lemma propD_if_permutive:
  assumes R: "right_permutive k d" and Lp: "left_permutive k d" and n: "n \<ge> 1"
  shows "propD n k d"
  unfolding propD_def
proof (intro allI impI conjI)
  fix c assume vc: "vdisj_cycle n c"
  show "\<exists>!x. cyc_lift n k d c w x" if "length w = k" for w
    using lift_exists[OF R n that] lift_unique[OF R n] by blast
  fix w w' x x' j j'
  assume "length w = k \<and> length w' = k \<and> cyc_lift n k d c w x \<and> cyc_lift n k d c w' x' \<and>
    j < length c \<and> j' < length c \<and> take (n + k) (drop j x) = take (n + k) (drop j' x')"
  then have L: "cyc_lift n k d c w x" and L': "cyc_lift n k d c w' x'"
    and j: "j < length c" and j': "j' < length c"
    and E: "take (n + k) (drop j x) = take (n + k) (drop j' x')" by auto
  have "cyc_window n c j = cyc_window n c j'"
    using lift_window_image[OF L j] lift_window_image[OF L' j'] E by simp
  then show jj: "j = j'" using vc j j' unfolding vdisj_cycle_def inj_on_def by auto
  have len: "length x' = length x" using cyc_lift_length_eq[OF L L'] .
  have fits: "j + (n + k) \<le> length x" using L j by (simp add: cyc_lift_def)
  have "\<forall>p\<in>{j..<j + k}. x ! p = x' ! p"
    using E jj take_drop_eq_iff[OF len[symmetric] fits] by auto
  then have "\<forall>p\<in>{0..<k}. x ! p = x' ! p"
    using lifts_agree_backward[OF Lp L L', of j] fits by simp
  then have "take k x = take k x'"
    using take_drop_eq_iff[OF len[symmetric], of 0 k] fits by simp
  then show "w = w'" using L L' by (simp add: cyc_lift_def)
qed

lemma propD_lift_exists:
  assumes "propD n k d" and "vdisj_cycle n c" and "length w = k"
  shows "\<exists>x. cyc_lift n k d c w x"
  using conjunct1[OF assms(1)[unfolded propD_def, rule_format, OF assms(2)], rule_format, OF assms(3)]
  by (rule ex1_implies_ex)
text \<open>The master equation decouples in the matrix entries: the populations relax to their
  mean at rate 2, the coherences decay at rate 1 while rotating with frequency \<open>\<Omega> + \<epsilon>\<close>, so
  \<open>\<Phi>\<^sub>T\<^sup>\<epsilon>\<close> is an explicit damped rotation. For a purification \<open>\<xi>\<close> of \<open>\<rho>\<close>, the trace
  \<open>Tr((\<Phi> \<otimes> 1)(\<xi>) (\<Psi> \<otimes> 1)(\<xi>))\<close> is a bilinear expression in the entries of \<open>\<rho>\<close> alone, so the
  superfidelity is the same for every purification and the infimum is attained by any of them.
  Evaluating the expression gives the formula; positivity of \<open>\<rho>\<close> guarantees both that a
  purification exists and that the purities under the square roots are at most 1.\<close>

lemma sum_UNIV_2: "sum f (UNIV :: 2 set) = f 0 + f 1"
proof -
  have "(2 :: 2) = 0" by simp
  with sum_2[of f] show ?thesis by (simp add: add.commute)
qed

lemma all_2_iff: "(\<forall>i::2. P i) \<longleftrightarrow> P 0 \<and> P 1"
proof -
  have "(2 :: 2) = 0" by simp
  with forall_2[of P] show ?thesis by auto
qed

lemma exhaust_2_zero_one: "(i :: 2) = 0 \<or> i = 1"
  using all_2_iff[of "\<lambda>i. i = 0 \<or> i = 1"] by simp
(* Let $\rho\colon\mathcal{F}\to[\Lambda]^\omega$ with $\mathcal{F}\subseteq[\Omega]^\omega$ be a partition regular function. Consider the conditions: (1) $\mathrm{FinBW}(\rho)$ coincides with the class of all finite (Hausdorff) spaces; (2) $\omega+1\notin\mathrm{FinBW}(\rho)$, where the ordinal $\omega+1$ carries the order topology; (3) $\rho\notin P^-(\Lambda)$; (4) $\rho_{\mathrm{FIN}^2}\leq_K\rho$. Then (1), (2), (3) are equivalent and (4) implies them. If moreover $\rho\in(S_1)$, then all four conditions are equivalent.
   Context: All topological spaces are Hausdorff. An ideal on a nonempty set $X$ is a family $\mathcal{I}\subseteq\mathcal{P}(X)$ with $\emptyset\in\mathcal{I}$, $X\notin\mathcal{I}$, closed under finite unions and subsets, containing all finite subsets of $X$; $\mathcal{I}^+=\mathcal{P}(X)\setminus\mathcal{I}$. Partition regular function: $\Lambda,\Omega$ countably infinite, $\mathcal{F}$ a nonempty family of infinite subsets of $\Omega$ with $F\setminus K\in\mathcal{F}$ for $F\in\mathcal{F}$, $K$ finite; $\rho\colon\mathcal{F}\to[\Lambda]^\omega$ is partition regular if (M) $E\subseteq F\Rightarrow\rho(E)\subseteq\rho(F)$; (R) if $F\in\mathcal{F}$ and $\rho(F)=A\cup B$ then some $E\in\mathcal{F}$ has $\rho(E)\subseteq A$ or $\rho(E)\subseteq B$; (S) for every $E\in\mathcal{F}$ there is $F\in\mathcal{F}$, $F\subseteq E$, such that every $a\in\rho(F)$ satisfies $a\notin\rho(F\setminus K)$ for some finite $K\subseteq\Omega$. $\mathcal{I}_\rho=\{A\subseteq\Lambda:\forall F\in\mathcal{F}\ \rho(F)\not\subseteq A\}$. For an ideal $\mathcal{I}$ on $\Lambda$, $\rho_{\mathcal{I}}\colon\mathcal{I}^+\to[\Lambda]^\omega$, $\rho_{\mathcal{I}}(A)=A$ (with $\Omega=\Lambda$). $\rho$-convergence: for $f\colon\Lambda\to X$ and $F\in\mathcal{F}$, $f\restriction\rho(F)$ $\rho$-converges to $x\in X$ if for every neighborhood $U$ of $x$ there is a finite $K\subseteq\Omega$ with $f[\rho(F\setminus K)]\subseteq U$. $\mathrm{FinBW}(\rho)$ is the class of spaces $X$ such that for every $f\colon\Lambda\to X$ there is $F\in\mathcal{F}$ such that $f\restriction\rho(F)$ $\rho$-converges to some point of $X$. Katětov order: for partition regular $\rho_i\colon\mathcal{F}_i\to[\Lambda_i]^\omega$, $\mathcal{F}_i\subseteq[\Omega_i]^\omega$, write $\rho_2\leq_K\rho_1$ if there is $f\colon\Lambda_1\to\Lambda_2$ such that for every $F_1\in\mathcal{F}_1$ there is $F_2\in\mathcal{F}_2$ such that for every finite $K_1\subseteq\Omega_1$ there is a finite $K_2\subseteq\Omega_2$ with $\rho_2(F_2\setminus K_2)\subseteq f[\rho_1(F_1\setminus K_1)]$. $\mathrm{FIN}^2$ is the ideal on $\omega\times\omega$: $A\in\mathrm{FIN}^2$ iff there is $i_0$ such that $\{j:(i,j)\in A\}$ is finite for all $i\geq i_0$. $\rho\in P^-(\Lambda)$ means: for every decreasing sequence $\Lambda=A_0\supseteq A_1\supseteq\dots$ with $A_n\setminus A_{n+1}\in\mathcal{I}_\rho$ for all $n$, there is $F\in\mathcal{F}$ such that for each $n$ there is a finite $K\subseteq\Omega$ with $\rho(F\setminus K)\subseteq A_n$. $\rho\in(S_1)$ means: for every $E\in\mathcal{F}$ there is $F\in\mathcal{F}$, $F\subseteq E$, such that for every $A\in\mathcal{I}_\rho$ there is $G\in\mathcal{F}$ with $\rho(G)\subseteq\rho(F)\setminus A$ and for every finite $K\subseteq\Omega$ there is a finite $L\subseteq\Omega$ with $\rho(G\setminus L)\subseteq\rho(F\setminus K)$. *)

theory Defs
  imports "HOL-Analysis.Analysis" "HOL-Library.Extended_Real"
begin

text \<open>Lambda = UNIV :: 'l set, Omega = UNIV :: 'o set (countably infinite types);
  the family F :: 'o set set and rho :: 'o set => 'l set.\<close>

definition partition_regular :: "'o set set \<Rightarrow> ('o set \<Rightarrow> 'l set) \<Rightarrow> bool" where
  "partition_regular FF \<rho> \<longleftrightarrow>
     FF \<noteq> {} \<and> (\<forall>F\<in>FF. infinite F) \<and>
     (\<forall>F\<in>FF. \<forall>K. finite K \<longrightarrow> F - K \<in> FF) \<and>
     (\<forall>F\<in>FF. infinite (\<rho> F)) \<and>
     (\<forall>E\<in>FF. \<forall>F\<in>FF. E \<subseteq> F \<longrightarrow> \<rho> E \<subseteq> \<rho> F) \<and>
     (\<forall>F\<in>FF. \<forall>A B. \<rho> F = A \<union> B \<longrightarrow> (\<exists>E\<in>FF. \<rho> E \<subseteq> A \<or> \<rho> E \<subseteq> B)) \<and>
     (\<forall>E\<in>FF. \<exists>F\<in>FF. F \<subseteq> E \<and> (\<forall>a\<in>\<rho> F. \<exists>K. finite K \<and> a \<notin> \<rho> (F - K)))"

definition ideal_of :: "'o set set \<Rightarrow> ('o set \<Rightarrow> 'l set) \<Rightarrow> 'l set set" where
  "ideal_of FF \<rho> = {A. \<forall>F\<in>FF. \<not> \<rho> F \<subseteq> A}"

definition rho_converges ::
  "'o set set \<Rightarrow> ('o set \<Rightarrow> 'l set) \<Rightarrow> 'x topology \<Rightarrow> ('l \<Rightarrow> 'x) \<Rightarrow> 'o set \<Rightarrow> 'x \<Rightarrow> bool" where
  "rho_converges FF \<rho> X f F x \<longleftrightarrow>
     (\<forall>U. openin X U \<and> x \<in> U \<longrightarrow> (\<exists>K. finite K \<and> f ` \<rho> (F - K) \<subseteq> U))"

definition FinBW :: "'o set set \<Rightarrow> ('o set \<Rightarrow> 'l set) \<Rightarrow> 'x topology \<Rightarrow> bool" where
  "FinBW FF \<rho> X \<longleftrightarrow>
     (\<forall>f. f ` UNIV \<subseteq> topspace X \<longrightarrow>
        (\<exists>F\<in>FF. \<exists>x\<in>topspace X. rho_converges FF \<rho> X f F x))"

definition katetov_le ::
  "'o2 set set \<Rightarrow> ('o2 set \<Rightarrow> 'l2 set) \<Rightarrow> 'o1 set set \<Rightarrow> ('o1 set \<Rightarrow> 'l1 set) \<Rightarrow> bool" where
  "katetov_le FF2 \<rho>2 FF1 \<rho>1 \<longleftrightarrow>
     (\<exists>f :: 'l1 \<Rightarrow> 'l2. \<forall>F1\<in>FF1. \<exists>F2\<in>FF2. \<forall>K1. finite K1 \<longrightarrow>
        (\<exists>K2. finite K2 \<and> \<rho>2 (F2 - K2) \<subseteq> f ` \<rho>1 (F1 - K1)))"

definition FIN2 :: "(nat \<times> nat) set set" where
  "FIN2 = {A. \<exists>i0. \<forall>i\<ge>i0. finite {j. (i, j) \<in> A}}"

text \<open>rho_FIN2 : FIN2^+ -> [omega x omega]^omega, the identity.\<close>
definition FIN2_plus :: "(nat \<times> nat) set set" where
  "FIN2_plus = {A. A \<notin> FIN2}"

definition P_minus :: "'o set set \<Rightarrow> ('o set \<Rightarrow> 'l set) \<Rightarrow> bool" where
  "P_minus FF \<rho> \<longleftrightarrow>
     (\<forall>A :: nat \<Rightarrow> 'l set. A 0 = UNIV \<and> (\<forall>n. A (Suc n) \<subseteq> A n) \<and>
        (\<forall>n. A n - A (Suc n) \<in> ideal_of FF \<rho>) \<longrightarrow>
        (\<exists>F\<in>FF. \<forall>n. \<exists>K. finite K \<and> \<rho> (F - K) \<subseteq> A n))"

definition S1 :: "'o set set \<Rightarrow> ('o set \<Rightarrow> 'l set) \<Rightarrow> bool" where
  "S1 FF \<rho> \<longleftrightarrow>
     (\<forall>E\<in>FF. \<exists>F\<in>FF. F \<subseteq> E \<and>
        (\<forall>A\<in>ideal_of FF \<rho>. \<exists>G\<in>FF. \<rho> G \<subseteq> \<rho> F - A \<and>
           (\<forall>K. finite K \<longrightarrow> (\<exists>L. finite L \<and> \<rho> (G - L) \<subseteq> \<rho> (F - K)))))"

end

theory Submission
  imports Defs
begin

text \<open>
  Everything runs through maps g from Lambda into omega+1 (modelled by enat) that no rho(F)
  follows: every finite level of g is rho-small and no rho(F) eventually climbs through all
  levels. Such maps are exactly what the failure of omega+1 in FinBW(rho) provides, and their
  upper level sets are exactly the decreasing sequences refuting P-minus (conversely, the depth
  of a point in such a sequence is such a map). Composing such a map, made finite-valued, with a
  sequence of points having pairwise disjoint neighbourhoods shows that no infinite Hausdorff
  space lies in FinBW(rho), while finite spaces always do by (R); an infinite Hausdorff copy of
  omega+1 gives the converse. A Katetov reduction f of rho_FIN2 to rho yields such a map, namely
  the first coordinate of f. Conversely, under (S1) every F can be refined inside the levels
  above k, where one picks infinitely many points escaping every finite set; sending each point
  to the pair (its level, its code) turns these points into a set in FIN2-plus that witnesses
  the reduction.
\<close>

section \<open>Topology\<close>

lemma Hausdorff_space_euclidean_t2_space: "Hausdorff_space (euclidean :: 'a::t2_space topology)"
  unfolding Hausdorff_space_def disjnt_def by (metis hausdorff open_openin)

lemma Hausdorff_space_infinite_openin_split:
  assumes X: "Hausdorff_space X" and W: "openin X W" "infinite W"
  obtains N W' where "openin X N" "N \<noteq> {}" "N \<subseteq> W"
    "openin X W'" "infinite W'" "W' \<subseteq> W" "N \<inter> W' = {}"
proof -
  obtain p where p: "p \<in> W" using W(2) infinite_imp_nonempty by blast
  have "infinite (W - {p})" using W(2) by simp
  then obtain q where "q \<in> W - {p}" using infinite_imp_nonempty by blast
  then have q: "q \<in> W" "q \<noteq> p" by simp_all
  have "W \<subseteq> topspace X" using W(1) by (rule openin_subset)
  then obtain U V where UV: "openin X U" "openin X V" "p \<in> U" "q \<in> V" "U \<inter> V = {}"
    using X[unfolded Hausdorff_space_def, rule_format, of p q] p q unfolding disjnt_def by auto
  show thesis
  proof (cases "finite (U \<inter> W)")
    case True
    then have "closedin X (U \<inter> W)"
      using \<open>W \<subseteq> topspace X\<close> by (intro closedin_Hausdorff_finite[OF X]) auto
    then have "openin X (W - U \<inter> W)" using W(1) by (simp add: openin_diff)
    moreover have "infinite (W - U \<inter> W)" using True W(2) by simp
    moreover have "openin X (U \<inter> W)" "U \<inter> W \<noteq> {}" using UV(1,3) W(1) p by auto
    ultimately show thesis by (intro that[of "U \<inter> W" "W - U \<inter> W"]) auto
  next
    case False
    moreover have "openin X (V \<inter> W)" "V \<inter> W \<noteq> {}" "openin X (U \<inter> W)"
      using UV(1,2,4) W(1) q by auto
    ultimately show thesis using UV(5) by (intro that[of "V \<inter> W" "U \<inter> W"]) auto
  qed
qed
....................
Aim of the exercise:
What is needed is every line from the start of the entries through the line containing "inj_on_def by auto", returned word for word and nothing else.

Solution to this exercise:
lemma propD_if_permutive:
  assumes R: "right_permutive k d" and Lp: "left_permutive k d" and n: "n \<ge> 1"
  shows "propD n k d"
  unfolding propD_def
proof (intro allI impI conjI)
  fix c assume vc: "vdisj_cycle n c"
  show "\<exists>!x. cyc_lift n k d c w x" if "length w = k" for w
    using lift_exists[OF R n that] lift_unique[OF R n] by blast
  fix w w' x x' j j'
  assume "length w = k \<and> length w' = k \<and> cyc_lift n k d c w x \<and> cyc_lift n k d c w' x' \<and>
    j < length c \<and> j' < length c \<and> take (n + k) (drop j x) = take (n + k) (drop j' x')"
  then have L: "cyc_lift n k d c w x" and L': "cyc_lift n k d c w' x'"
    and j: "j < length c" and j': "j' < length c"
    and E: "take (n + k) (drop j x) = take (n + k) (drop j' x')" by auto
  have "cyc_window n c j = cyc_window n c j'"
    using lift_window_image[OF L j] lift_window_image[OF L' j'] E by simp
  then show jj: "j = j'" using vc j j' unfolding vdisj_cycle_def inj_on_def by auto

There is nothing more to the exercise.